Published in: Software
  • There are over 16,000 woodworking plans that comes with step-by-step instructions and detailed photos, Click here to take a look ♣♣♣ http://tinyurl.com/y3hc8gpw
       Reply 
    Are you sure you want to  Yes  No
    Your message goes here
  • Want to preview some of our plans?
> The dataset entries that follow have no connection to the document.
theorem proposition8p6:
  fixes X :: "'a topology" and G :: "('g, 'b) monoid_scheme" and T :: "'g topology"
    and m n :: nat
  assumes "m \<ge> 1" and "n \<ge> 2"
    and "topological_group G T"
    and "path_component_of_set T \<one>\<^bsub>G\<^esub> = connected_component_of_set T \<one>\<^bsub>G\<^esub>"
    and "card (rcosets\<^bsub>G\<^esub> (connected_component_of_set T \<one>\<^bsub>G\<^esub>)) = n"
    and "tychonoff_space X" and "topspace X \<noteq> {}"
  shows "card (connected_components_of X) = m \<longleftrightarrow>
         card (rcosets\<^bsub>Cp_group X G T\<^esub>
                 (connected_component_of_set (Cp_topology X G T) \<one>\<^bsub>Cp_group X G T\<^esub>)) = n ^ m"
proof -
  interpret Cp_space_Tychonoff X G T
    by unfold_locales (use assms(3,4,6) in auto)
  have G0_proper: "G0 \<noteq> carrier G"
    using assms(2,5) rcosets_carrier by auto
  have index: "card (rcosets\<^bsub>Cp\<^esub> Cp0) = n ^ card (connected_components_of X)"
    if "finite (connected_components_of X)"
    using card_rcosets_Cp_into_G0[OF that] assms(5) by (simp add: Cp0_eq_Cp_into_G0)
  show ?thesis
  proof
    assume m: "card (connected_components_of X) = m"
    then have "finite (connected_components_of X)"
      using assms(1) card.infinite by force
    then show "card (rcosets\<^bsub>Cp\<^esub> Cp0) = n ^ m"
      using index m by simp
  next
    assume index_m: "card (rcosets\<^bsub>Cp\<^esub> Cp0) = n ^ m"
    then have "finite (rcosets\<^bsub>Cp\<^esub> Cp0)"
      using assms(2) card.infinite by fastforce
    then have "finite (connected_components_of X)"
      using G0_proper by (rule finite_connected_components_of_finite_index)
    then show "card (connected_components_of X) = m"
      using index index_m assms(2) by (simp add: power_inject_exp)
  qed
qed

end
lemma mdvd_minus_imp_disjnt:
  assumes "mdvd v (v - u)"
  shows "disjnt (Poly_Mapping.keys u) (Poly_Mapping.keys v)"
  unfolding disjnt_iff
proof (intro allI notI)
  fix z assume "z \<in> Poly_Mapping.keys u \<and> z \<in> Poly_Mapping.keys v"
  then have "Poly_Mapping.lookup (v - u) z < Poly_Mapping.lookup v z"
    by (simp add: lookup_minus in_keys_iff)
  with assms show False unfolding mdvd_def by (meson not_le)
qed

lemma minus_add_swap: "(v - u) + u = (u - v) + (v :: 'a \<Rightarrow>\<^sub>0 nat)"
  by (rule poly_mapping_eqI) (simp add: lookup_add lookup_minus)

lemma mdvd_add_disjnt:
  assumes "disjnt (Poly_Mapping.keys s) (Poly_Mapping.keys a)" and "mdvd s (a + t)"
  shows "mdvd s t"
  unfolding mdvd_def
proof
  fix z
  have "Poly_Mapping.lookup s z \<le> Poly_Mapping.lookup a z + Poly_Mapping.lookup t z"
    using assms(2) by (simp add: mdvd_def lookup_add)
  moreover have "Poly_Mapping.lookup s z = 0 \<or> Poly_Mapping.lookup a z = 0"
    using assms(1) by (auto simp: disjnt_iff in_keys_iff)
  ultimately show "Poly_Mapping.lookup s z \<le> Poly_Mapping.lookup t z" by auto
qed

lemma monom_mult: "monom a * monom b = (monom (a + b) :: ('v, 'k::field) mpoly)"
  unfolding monom_def by (simp add: mult_single)

lemma keys_monom [simp]: "Poly_Mapping.keys (monom a :: ('v, 'k::field) mpoly) = {a}"
  unfolding monom_def by simp

lemma lookup_monom_mult:
  "Poly_Mapping.lookup (monom a * g :: ('v, 'k::field) mpoly) (a + t) = Poly_Mapping.lookup g t"
  unfolding monom_def lookup_mult lookup_single by (simp add: when_mult)

lemma keys_monom_mult:
  "Poly_Mapping.keys (monom a * g :: ('v, 'k::field) mpoly) = (+) a ` Poly_Mapping.keys g"
proof
  show "Poly_Mapping.keys (monom a * g) \<subseteq> (+) a ` Poly_Mapping.keys g"
    using keys_mult[of "monom a" g] by auto
  show "(+) a ` Poly_Mapping.keys g \<subseteq> Poly_Mapping.keys (monom a * g)"
    by (auto simp: in_keys_iff lookup_monom_mult)
qed

lemma poly_mapping_sum_single:
  "f = (\<Sum>t\<in>Poly_Mapping.keys f. Poly_Mapping.single t (Poly_Mapping.lookup f t))"
  by (rule poly_mapping_eqI)
    (simp add: lookup_sum lookup_single when_def in_keys_iff sum.If_cases)

lemma mem_monomial_ideal_iff:
  "(f :: ('v, 'k::field) mpoly) \<in> gen_ideal (monom ` S) \<longleftrightarrow>
     (\<forall>t\<in>Poly_Mapping.keys f. \<exists>s\<in>S. mdvd s t)"
proof
  assume "f \<in> gen_ideal (monom ` S)"
  then have "f \<in> ideal.span (monom ` S)" by (simp add: gen_ideal_eq_span)
  then show "\<forall>t\<in>Poly_Mapping.keys f. \<exists>s\<in>S. mdvd s t"
  proof (induction rule: ideal.span_induct_alt)
    case (step c x y)
    then obtain s where "s \<in> S" "x = monom s" by blast
    then have "\<forall>t\<in>Poly_Mapping.keys (c * x). \<exists>s\<in>S. mdvd s t"
      unfolding mult.commute[of c] \<open>x = monom s\<close> keys_monom_mult
      using mdvd_add_right by blast
    then show ?case using keys_add[of "c * x" y] step.IH by blast
  qed simp
next
  assume divisible: "\<forall>t\<in>Poly_Mapping.keys f. \<exists>s\<in>S. mdvd s t"
  have "Poly_Mapping.single t c \<in> ideal.span (monom ` S)"
    if t: "t \<in> Poly_Mapping.keys f" for t and c :: 'k
  proof -
    obtain s where s: "s \<in> S" "mdvd s t" using divisible t by blast
    have "Poly_Mapping.single t c = Poly_Mapping.single (t - s) c * (monom s :: ('v, 'k) mpoly)"
      unfolding monom_def by (simp add: mult_single add_minus_of_mdvd[OF s(2)])
    moreover have "monom s \<in> ideal.span (monom ` S)"
      using s(1) by (intro ideal.span_base imageI)
    ultimately show ?thesis by (metis ideal.span_scale)
  qed
  then have "(\<Sum>t\<in>Poly_Mapping.keys f. Poly_Mapping.single t (Poly_Mapping.lookup f t))
      \<in> ideal.span (monom ` S)"
    by (intro ideal.span_sum)
  then have "f \<in> ideal.span (monom ` S)"
    by (simp only: poly_mapping_sum_single[symmetric])
  then show "f \<in> gen_ideal (monom ` S)" by (simp add: gen_ideal_eq_span)
qed

lemma monom_mem_monomial_ideal_iff:
  "(monom t :: ('v, 'k::field) mpoly) \<in> gen_ideal (monom ` S) \<longleftrightarrow> (\<exists>s\<in>S. mdvd s t)"
  by (simp add: mem_monomial_ideal_iff)

lemma mingens_monomial_ideal:
  "m \<in> mingens (gen_ideal (monom ` S) :: ('v, 'k::field) mpoly set) \<longleftrightarrow>
     m \<in> S \<and> (\<forall>s\<in>S. mdvd s m \<longrightarrow> s = m)"
proof
  assume "m \<in> mingens (gen_ideal (monom ` S) :: ('v, 'k) mpoly set)"
  then have "\<exists>s\<in>S. mdvd s m"
    and "\<And>m'. \<exists>s\<in>S. mdvd s m' \<Longrightarrow> mdvd m' m \<Longrightarrow> m' = m"
    unfolding mingens_def monom_mem_monomial_ideal_iff by blast+
  then show "m \<in> S \<and> (\<forall>s\<in>S. mdvd s m \<longrightarrow> s = m)"
    using mdvd_refl by blast
next
  assume m: "m \<in> S \<and> (\<forall>s\<in>S. mdvd s m \<longrightarrow> s = m)"
  have "m' = m" if "s \<in> S" "mdvd s m'" "mdvd m' m" for s m'
    using m that mdvd_trans[of s m' m] mdvd_antisym[of m' m] by auto
  then show "m \<in> mingens (gen_ideal (monom ` S) :: ('v, 'k) mpoly set)"
    unfolding mingens_def monom_mem_monomial_ideal_iff using m mdvd_refl by blast
qed

lemma monomial_ideal_dominating_subset:
  assumes "S' \<subseteq> S" and "\<forall>s\<in>S. \<exists>s'\<in>S'. mdvd s' s"
  shows "gen_ideal (monom ` S') = (gen_ideal (monom ` S) :: ('v, 'k::field) mpoly set)"
proof -
  have "(\<exists>s'\<in>S'. mdvd s' t) \<longleftrightarrow> (\<exists>s\<in>S. mdvd s t)" for t
    using assms mdvd_trans by blast
  then show ?thesis by (simp add: set_eq_iff mem_monomial_ideal_iff)
qed

lemma principal_inter_monomial_ideal:
  "gen_ideal {monom h} \<inter> gen_ideal (monom ` S) =
     {monom h * j | j. j \<in> gen_ideal (monom ` (\<lambda>s. s - h) ` S :: ('v, 'k::field) mpoly set)}"
proof -
  have principal: "gen_ideal {monom h} = range (\<lambda>j. monom h * j :: ('v, 'k) mpoly)"
    unfolding gen_ideal_eq_span ideal.span_singleton by (auto simp: mult.commute)
  have "monom h * j \<in> gen_ideal (monom ` S) \<longleftrightarrow> j \<in> gen_ideal (monom ` (\<lambda>s. s - h) ` S)"
    for j :: "('v, 'k) mpoly"
    by (simp add: mem_monomial_ideal_iff keys_monom_mult mdvd_minus_iff)
  then show ?thesis unfolding principal by blast
qed

section \<open>Monomial complete intersections\<close>

lemma gen_ideal_take_eq_sums:
  assumes "n \<le> length fs"
  shows "gen_ideal (set (take n fs)) = range (\<lambda>d. \<Sum>i<n. d i * fs ! i)"
proof
  show "gen_ideal (set (take n fs)) \<subseteq> range (\<lambda>d. \<Sum>i<n. d i * fs ! i)"
  proof
    fix x assume "x \<in> gen_ideal (set (take n fs))"
    then have "x \<in> ideal.span (set (take n fs))" by (simp add: gen_ideal_eq_span)
    then show "x \<in> range (\<lambda>d. \<Sum>i<n. d i * fs ! i)"
    proof (induction rule: ideal.span_induct_alt)
      case base
      show ?case by (rule range_eqI[of _ _ "\<lambda>_. 0"]) simp
    next
      case (step c x y)
      obtain d where d: "y = (\<Sum>i<n. d i * fs ! i)" using step.IH by blast
      obtain k where k: "k < n" "x = fs ! k"
        using step.hyps assms by (auto simp: in_set_conv_nth)
      define d' where "d' i = d i + (if i = k then c else 0)" for i
      have "c * x + y = (\<Sum>i<n. d' i * fs ! i)"
        using k by (simp add: d d'_def distrib_right sum.distrib if_distrib[of "\<lambda>z. z * _"] cong: if_cong)
      then show ?case using rangeI[of "\<lambda>d. \<Sum>i<n. d i * fs ! i" d'] by simp
    qed
  qed
  have "fs ! i \<in> set (take n fs)" if "i < n" for i
    using that assms nth_mem[of i "take n fs"] by simp
  then have "(\<Sum>i<n. d i * fs ! i) \<in> ideal.span (set (take n fs))" for d
    by (intro ideal.span_sum) (simp add: ideal.span_scale ideal.span_base)
  then show "range (\<lambda>d. \<Sum>i<n. d i * fs ! i) \<subseteq> gen_ideal (set (take n fs))"
    by (auto simp: gen_ideal_eq_span)
qed

lemma regular_seq_nonzerodivisor:
  "regular_seq fs \<Longrightarrow> i < length fs \<Longrightarrow> fs ! i * g \<in> gen_ideal (set (take i fs)) \<Longrightarrow>
     g \<in> gen_ideal (set (take i fs))"
  unfolding regular_seq_def by blast

lemma regular_seq_syzygy:
  assumes reg: "regular_seq fs"
    and "n \<le> length fs" and "(\<Sum>i<n. c i * fs ! i) = 0" and "i < n"
  shows "c i \<in> gen_ideal (set (take n fs))"
  using assms(2-4)
proof (induction n arbitrary: c i)
  case (Suc n)
  let ?I = "gen_ideal (set (take n fs))" and ?I' = "gen_ideal (set (take (Suc n) fs))"
  have n: "n < length fs" using Suc.prems(1) by simp
  have sum0: "(\<Sum>i<n. c i * fs ! i) + c n * fs ! n = 0"
    using Suc.prems(2) by simp
  have "fs ! n * c n = - (\<Sum>i<n. c i * fs ! i)"
    using sum0 by (simp add: mult.commute eq_neg_iff_add_eq_0 add.commute)
  also have "\<dots> = (\<Sum>i<n. (- c i) * fs ! i)"
    by (simp add: sum_negf)
  also have "\<dots> \<in> ?I"
    unfolding gen_ideal_take_eq_sums[OF less_imp_le[OF n]] by (rule rangeI)
  finally have "fs ! n * c n \<in> ?I" .
  then have cn: "c n \<in> ?I" using regular_seq_nonzerodivisor[OF reg n] by blast
  then obtain d where d: "c n = (\<Sum>i<n. d i * fs ! i)"
    unfolding gen_ideal_take_eq_sums[OF less_imp_le[OF n]] by blast
  define c' where "c' = (\<lambda>i. c i + d i * fs ! n)"
  have "(\<Sum>i<n. c' i * fs ! i) = (\<Sum>i<n. c i * fs ! i + fs ! n * (d i * fs ! i))"
    unfolding c'_def by (rule sum.cong) (simp_all add: algebra_simps)
  also have "\<dots> = (\<Sum>i<n. c i * fs ! i) + fs ! n * c n"
    unfolding d by (simp add: sum.distrib sum_distrib_left)
  also have "\<dots> = 0"
    using sum0 by (simp add: mult.commute)
  finally have c': "c' j \<in> ?I" if "j < n" for j
    using Suc.IH[of c' j] n that by simp
  have mono: "?I \<subseteq> ?I'"
    unfolding gen_ideal_eq_span by (intro ideal.span_mono set_take_subset_set_take) simp
  have "fs ! n \<in> ?I'"
    unfolding gen_ideal_eq_span using n by (intro ideal.span_base) (simp add: take_Suc_conv_app_nth)
  then have "d i * fs ! n \<in> ?I'" for i
    unfolding gen_ideal_eq_span by (rule ideal.span_scale)
  then have "c' i - d i * fs ! n \<in> ?I'" if "i < n" for i
    using c' mono that unfolding gen_ideal_eq_span by (blast intro: ideal.span_diff)
  then show ?case
    using cn mono Suc.prems(3) unfolding c'_def by (cases "i = n") auto
qed simp

lemma constant_coeff_eq_zero_if_mem_monomial_ideal:
  assumes "monom a * p - monom b * q \<in> gen_ideal (monom ` S :: ('v, 'k::field) mpoly set)"
    and "\<not> (\<exists>s\<in>S. mdvd s a)" and "\<not> mdvd b a"
  shows "Poly_Mapping.lookup p 0 = 0"
proof -
  have "a \<notin> Poly_Mapping.keys (monom a * p - monom b * q)"
    using assms(1,2) mem_monomial_ideal_iff by blast
  moreover have "a \<notin> Poly_Mapping.keys (monom b * q)"
    using assms(3) by (auto simp: keys_monom_mult)
  ultimately show ?thesis
    using lookup_monom_mult[of a p 0] by (simp add: in_keys_iff lookup_minus)
qed

lemma mingens_expansion_constant_coeff:
  assumes u: "u \<in> mingens (gen_ideal (monom ` S) :: ('v, 'k::field) mpoly set)"
    and gens: "\<forall>i<n. fs ! i \<in> gen_ideal (monom ` S)"
    and expansion: "monom u = (\<Sum>i<n. p i * fs ! i)"
  shows "\<exists>i<n. Poly_Mapping.lookup (p i) 0 \<noteq> 0"
proof -
  have "u \<in> Poly_Mapping.keys (\<Sum>i<n. p i * fs ! i)"
    unfolding expansion[symmetric] by simp
  then obtain i where i: "i < n" "u \<in> Poly_Mapping.keys (p i * fs ! i)"
    using keys_sum[of "\<lambda>i. p i * fs ! i" "{..<n}"] by auto
  then obtain a b where ab: "u = a + b" "a \<in> Poly_Mapping.keys (p i)" "b \<in> Poly_Mapping.keys (fs ! i)"
    using keys_mult[of "p i" "fs ! i"] by blast
  obtain s where s: "s \<in> S" "mdvd s b"
    using gens i(1) ab(3) mem_monomial_ideal_iff by blast
  have "s = u"
    using u s ab(1) mdvd_trans[OF s(2) mdvd_add_left] by (simp add: mingens_monomial_ideal)
  then have "b = u"
    using s(2) ab(1) mdvd_add_left mdvd_antisym by blast
  then have "a = 0" using ab(1) by simp
  then show ?thesis using i(1) ab(2) by (auto simp: in_keys_iff)
qed
(* Let $T$ be an almost reduced linear trellis of length $n$, let $i\in\mathbb{Z}_n$ and $v,w\in V_i(T)$. If there exists a directed path in $T$ from $v$ to $w$, then there exists a directed path from $v$ to $w$ of length exactly $n$. In particular, if $T$ is connected and almost reduced, then for all $v,w\in V_0(T)$ there are paths of length $n$ from $v$ to $w$ and from $w$ to $v$.
   Context: Let $\mathbb{F}$ be a finite field and $n\ge1$; indices are taken in $\mathbb{Z}_n$. A trellis $T$ of length $n$ over $\mathbb{F}$ consists of pairwise disjoint finite vertex sets $V_i(T)$, $i\in\mathbb{Z}_n$, and edge sets $E_i(T)\subseteq V_i(T)\times\mathbb{F}\times V_{i+1}(T)$; $(v,\alpha,w)\in E_i(T)$ is an edge from $v$ to $w$. Trellises are trim. $T$ is linear if each $V_i(T)$ is an $\mathbb{F}$-vector space and each $E_i(T)$ a subspace. A path of length $m$ is $v_0\alpha_0v_1\cdots\alpha_{m-1}v_m$ with each $(v_j,\alpha_j,v_{j+1})$ an edge. A cycle is a closed path of length $n$ starting in $V_0(T)$; $T$ is almost reduced if every vertex lies on some cycle (equivalently, every vertex lies on a closed path of length $n$); connected if for any two distinct vertices $v,w$ there is a directed path from $v$ to $w$. *)

theory Defs
  imports Complex_Main
begin

text \<open>A trellis of length n: vertices are pairs (i, x) with i < n and x in V i
  (so the vertex sets are pairwise disjoint by construction); the edge set E i
  consists of triples (x, a, y) with x in V i and y in V ((i+1) mod n).\<close>

definition is_edge :: "nat \<Rightarrow> (nat \<Rightarrow> ('v \<times> 'f \<times> 'v) set) \<Rightarrow> nat \<times> 'v \<Rightarrow> 'f \<Rightarrow> nat \<times> 'v \<Rightarrow> bool" where
  "is_edge n E p a q \<longleftrightarrow> fst p < n \<and> fst q = Suc (fst p) mod n \<and> (snd p, a, snd q) \<in> E (fst p)"

definition is_path :: "nat \<Rightarrow> (nat \<Rightarrow> ('v \<times> 'f \<times> 'v) set) \<Rightarrow> (nat \<times> 'v) list \<Rightarrow> 'f list \<Rightarrow> bool" where
  "is_path n E vs as \<longleftrightarrow> length vs = Suc (length as) \<and>
     (\<forall>j < length as. is_edge n E (vs ! j) (as ! j) (vs ! Suc j))"

definition path_of_length :: "nat \<Rightarrow> (nat \<Rightarrow> ('v \<times> 'f \<times> 'v) set) \<Rightarrow> nat \<Rightarrow> nat \<times> 'v \<Rightarrow> nat \<times> 'v \<Rightarrow> bool" where
  "path_of_length n E m p q \<longleftrightarrow> (\<exists>vs as. is_path n E vs as \<and> length as = m \<and> hd vs = p \<and> last vs = q)"

definition has_path :: "nat \<Rightarrow> (nat \<Rightarrow> ('v \<times> 'f \<times> 'v) set) \<Rightarrow> nat \<times> 'v \<Rightarrow> nat \<times> 'v \<Rightarrow> bool" where
  "has_path n E p q \<longleftrightarrow> (\<exists>m. path_of_length n E m p q)"

definition is_vertex :: "nat \<Rightarrow> (nat \<Rightarrow> 'v set) \<Rightarrow> nat \<times> 'v \<Rightarrow> bool" where
  "is_vertex n V p \<longleftrightarrow> fst p < n \<and> snd p \<in> V (fst p)"

definition trellis :: "nat \<Rightarrow> (nat \<Rightarrow> 'v set) \<Rightarrow> (nat \<Rightarrow> ('v \<times> 'f \<times> 'v) set) \<Rightarrow> bool" where
  "trellis n V E \<longleftrightarrow> n \<ge> 1 \<and>
     (\<forall>i < n. finite (V i) \<and> E i \<subseteq> V i \<times> UNIV \<times> V (Suc i mod n)) \<and>
     (\<forall>p. is_vertex n V p \<longrightarrow> (\<exists>a q. is_edge n E p a q) \<and> (\<exists>a q. is_edge n E q a p))"

definition linear_trellis :: "('f::field \<Rightarrow> 'v::ab_group_add \<Rightarrow> 'v) \<Rightarrow> nat \<Rightarrow> (nat \<Rightarrow> 'v set) \<Rightarrow> (nat \<Rightarrow> ('v \<times> 'f \<times> 'v) set) \<Rightarrow> bool" where
  "linear_trellis scale n V E \<longleftrightarrow> trellis n V E \<and> vector_space scale \<and>
     (\<forall>i < n. module.subspace scale (V i) \<and>
        (0, 0, 0) \<in> E i \<and>
        (\<forall>x a y x' a' y'. (x, a, y) \<in> E i \<longrightarrow> (x', a', y') \<in> E i \<longrightarrow> (x + x', a + a', y + y') \<in> E i) \<and>
        (\<forall>c x a y. (x, a, y) \<in> E i \<longrightarrow> (scale c x, c * a, scale c y) \<in> E i))"

definition is_cycle :: "nat \<Rightarrow> (nat \<Rightarrow> ('v \<times> 'f \<times> 'v) set) \<Rightarrow> (nat \<times> 'v) list \<Rightarrow> 'f list \<Rightarrow> bool" where
  "is_cycle n E vs as \<longleftrightarrow> is_path n E vs as \<and> length as = n \<and> fst (hd vs) = 0 \<and> hd vs = last vs"

definition almost_reduced :: "nat \<Rightarrow> (nat \<Rightarrow> 'v set) \<Rightarrow> (nat \<Rightarrow> ('v \<times> 'f \<times> 'v) set) \<Rightarrow> bool" where
  "almost_reduced n V E \<longleftrightarrow> (\<forall>p. is_vertex n V p \<longrightarrow> (\<exists>vs as. is_cycle n E vs as \<and> p \<in> set vs))"

definition connected_trellis :: "nat \<Rightarrow> (nat \<Rightarrow> 'v set) \<Rightarrow> (nat \<Rightarrow> ('v \<times> 'f \<times> 'v) set) \<Rightarrow> bool" where
  "connected_trellis n V E \<longleftrightarrow> (\<forall>p q. is_vertex n V p \<longrightarrow> is_vertex n V q \<longrightarrow> p \<noteq> q \<longrightarrow> has_path n E p q)"

end

theory Submission
  imports Defs
begin

text \<open>A path from layer i back to layer i has length k n.  In a linear trellis, paths of the
  same length between the same layers can be added and scaled vertexwise, so being joined by a
  path of length n is an additive relation on V i.  Almost reducedness puts a closed path of
  length n at every vertex; adding the one at -z to the sum of paths x \<rightarrow> z and z \<rightarrow> y gives a
  path x \<rightarrow> y of length n.  So the relation is transitive, and a path of length k n collapses
  to one of length n.\<close>

lemma is_path_Nil_iff: "is_path n E vs [] \<longleftrightarrow> (\<exists>p. vs = [p])"
  unfolding is_path_def by (auto simp: length_Suc_conv)

lemma is_path_Cons_iff:
  "is_path n E (p # vs) (a # as) \<longleftrightarrow> vs \<noteq> [] \<and> is_edge n E p a (hd vs) \<and> is_path n E vs as"
  unfolding is_path_def by (cases vs) (auto simp: All_less_Suc2)

lemma path_of_length_0_iff: "path_of_length n E 0 p q \<longleftrightarrow> p = q"
  unfolding path_of_length_def by (auto simp: is_path_Nil_iff intro: exI[of _ "[p]"])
You can get 50 Woodworking Plans and a 440-Page "The Art of Woodworking" Book... Absolutely FREE  http://tinyurl.com/yy9yh8fu
       Reply 
    Are you sure you want to  Yes  No
    Your message goes here
  • Get access to 16,000 woodworking plans, Download 50 FREE Plans... ♥♥♥ http://tinyurl.com/yy9yh8fu
       Reply 
    Are you sure you want to  Yes  No
    Your message goes here

Advanced Spark and TensorFlow Meetup - Dec 12 2017 - Dong Meng, MapR + Kubernetes + Distributed TensorFlow GPUs

  1. 1. © 2017 MapR TechnologiesMapR Confidential 1 Distributed Deep Learning on MapR Converged Data Platform Dong Meng - dmeng@mapr.com Data Scientist, MapR Technologies
  2. 2. © 2017 MapR TechnologiesMapR Confidential 2 Roadmaps •  Enterprise Big data Journey •  Distributed Deep Learning •  Apply Container Technology and NVIDIA GPUs •  Demos
  3. 3. © 2017 MapR TechnologiesMapR Confidential 3 Enterprise Big data Journey
  4. 4. © 2017 MapR TechnologiesMapR Confidential 4 Great buildings have great foundations
  5. 5. © 2017 MapR TechnologiesMapR Confidential 5 MapR Development 2011 Industrial grade data platform for big data analytics 1.0 - MapR File System 2013 Industrial grade NoSQL Key Value Store – MapRDB (Implements Hbase APIs) 2012 Industry’s first visual big data ops dashboard in MapR control system 2014 Global multi datacenter replication Fast Ingest 1.0 2016 Global streaming - MapR Streams JSON Document DB Fast Ingest 2.0 Spyglass Monitoring 2015 Schema free SQL engine for big data – Apache Drill Global table replication 2017 Persisted data access for Docker containers MapR Edge for edge computing
  6. 6. © 2017 MapR TechnologiesMapR Confidential 6 MapR Converged Data Platform Files, Tables, Streams together on same platform Shared Services On-Premise, In the Cloud, Hybrid High Availability Real Time Security & Governance Multi-tenancy Disaster Recovery Global Namespace Converge-X™ Data Fabric Event Data Streams Analytics & Machine Learning Engines Operational Database Cloud-scale Data Store
  7. 7. © 2017 MapR TechnologiesMapR Confidential 7 High Availability Real Time Security & Governance Multi-tenancy Disaster Recovery Global Namespace Converge-X™ Data Fabric On-Premise, In the Cloud, Hybrid HDFS APIPOSIX, NFS HBase API JSON API Kafka API An Enterprise Foundation To Operationalize Data Data Center Next-Gen Applications Event Data Streams Analytics & Machine Learning Engines Operational Database Cloud-scale Data Store Existing Enterprise Applications
  8. 8. © 2017 MapR TechnologiesMapR Confidential 8 From a User Perspective Files Table Streams Directories Cluster Volume mount point
  9. 9. © 2017 MapR TechnologiesMapR Confidential 9 Distributed Deep Learning
  10. 10. © 2017 MapR TechnologiesMapR Confidential 10 More DATA The Unreasonable Effectiveness of Data, published by Google beats complex algorithms
  11. 11. © 2017 MapR TechnologiesMapR Confidential 11 Distributed Machine Learning •  Mahout: Map-Reduce •  GraphLab: Graph-based parallel framework •  Spark: In memory dataflow system •  H2o: Distributed machine learning library and server
  12. 12. © 2017 MapR TechnologiesMapR Confidential 12 Why Deep Learning •  Machine learning algorithm’s performance depend on the representation of the data they are given (feature engineering) •  Difficulty in finding the right representations (features) •  Deep learning –  Learns multiple levels of representations –  Learns high level of abstractions •  Growth of data volumes and computing power (GPUs)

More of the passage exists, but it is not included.